Please retype the data in full, exactly as given.

===== Provided records

theorem proposition3p20:
  fixes adj :: "'a \<Rightarrow> 'a \<Rightarrow> bool" and p :: "'a \<Rightarrow> 'a \<Rightarrow> real" and k :: nat
    and \<gamma> :: "'a list" and a b x y :: 'a and xs :: "'a list"
  assumes tree: "is_tree adj" and bv: "bounded_valence adj"
    and kernel: "transition_kernel p" and irr: "irreducible_kernel p"
    and range: "\<And>u v. gdist adj u v > k \<Longrightarrow> p u v = 0"
    and gam: "\<gamma> \<in> Ph p a b"
    and xy: "x \<noteq> y"
    and a_in: "a \<in> Ball_k adj k x" and a_notin: "a \<notin> Ball_k adj k y"
    and b_in: "b \<in> Ball_k adj k y"
    and geod: "is_geodesic adj xs x y"
  shows "\<exists>!(c, gs, gf). \<exists>ii.
           Xi_geod_with adj k p xs c ii \<and>
           length gs = length c - 1 \<and>
           (\<forall>s. 1 \<le> s \<and> s \<le> length c - 1 \<longrightarrow>
              gs ! (s - 1) \<in> Ph_in p (c ! (s - 1)) (c ! s) (- Ball_k adj k (xs ! ii s))) \<and>
           gf \<in> Ph p (c ! (length c - 1)) b \<and>
           \<gamma> = cat_paths (gs @ [gf])"
proof -
  interpret tree_geodesic adj xs x y
    using tree geod by unfold_locales
  have rng: "d u v \<le> k" if "0 < p u v" for u v
    using range[of u v] that by fastforce
  obtain c gs gf ii where P: "Xi_decomp adj k p xs b \<gamma> c gs gf ii"
    using Xi_decomp_exists[OF rng gam] a_in a_notin b_in by (auto simp: mem_Ball_k)
  have "\<exists>!(c, gs, gf). \<exists>ii. Xi_decomp adj k p xs b \<gamma> c gs gf ii"
  proof (rule ex1I[of _ "(c, gs, gf)"])
    fix z
    assume "case z of (c', gs', gf') \<Rightarrow> \<exists>ii'. Xi_decomp adj k p xs b \<gamma> c' gs' gf' ii'"
    then show "z = (c, gs, gf)"
      using Xi_decomp_unique[OF _ P] by (cases z) auto
  qed (use P in auto)
  then show ?thesis
    unfolding Xi_decomp_def .
qed

end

==========

Problem solution:
theorem proposition3p20:
  fixes adj :: "'a \<Rightarrow> 'a \<Rightarrow> bool" and p :: "'a \<Rightarrow> 'a \<Rightarrow> real" and k :: nat
    and \<gamma> :: "'a list" and a b x y :: 'a and xs :: "'a list"
  assumes tree: "is_tree adj" and bv: "bounded_valence adj"
    and kernel: "transition_kernel p" and irr: "irreducible_kernel p"
    and range: "\<And>u v. gdist adj u v > k \<Longrightarrow> p u v = 0"
    and gam: "\<gamma> \<in> Ph p a b"
    and xy: "x \<noteq> y"
    and a_in: "a \<in> Ball_k adj k x" and a_notin: "a \<notin> Ball_k adj k y"
    and b_in: "b \<in> Ball_k adj k y"
    and geod: "is_geodesic adj xs x y"
  shows "\<exists>!(c, gs, gf). \<exists>ii.
           Xi_geod_with adj k p xs c ii \<and>
           length gs = length c - 1 \<and>
           (\<forall>s. 1 \<le> s \<and> s \<le> length c - 1 \<longrightarrow>
              gs ! (s - 1) \<in> Ph_in p (c ! (s - 1)) (c ! s) (- Ball_k adj k (xs ! ii s))) \<and>
           gf \<in> Ph p (c ! (length c - 1)) b \<and>
           \<gamma> = cat_paths (gs @ [gf])"
proof -
  interpret tree_geodesic adj xs x y
    using tree geod by unfold_locales
  have rng: "d u v \<le> k" if "0 < p u v" for u v
    using range[of u v] that by fastforce
  obtain c gs gf ii where P: "Xi_decomp adj k p xs b \<gamma> c gs gf ii"
    using Xi_decomp_exists[OF rng gam] a_in a_notin b_in by (auto simp: mem_Ball_k)
  have "\<exists>!(c, gs, gf). \<exists>ii. Xi_decomp adj k p xs b \<gamma> c gs gf ii"
  proof (rule ex1I[of _ "(c, gs, gf)"])
    fix z
    assume "case z of (c', gs', gf') \<Rightarrow> \<exists>ii'. Xi_decomp adj k p xs b \<gamma> c' gs' gf' ii'"
    then show "z = (c, gs, gf)"
      using Xi_decomp_unique[OF _ P] by (cases z) auto
  qed (use P in auto)
  then show ?thesis
    unfolding Xi_decomp_def .
qed

end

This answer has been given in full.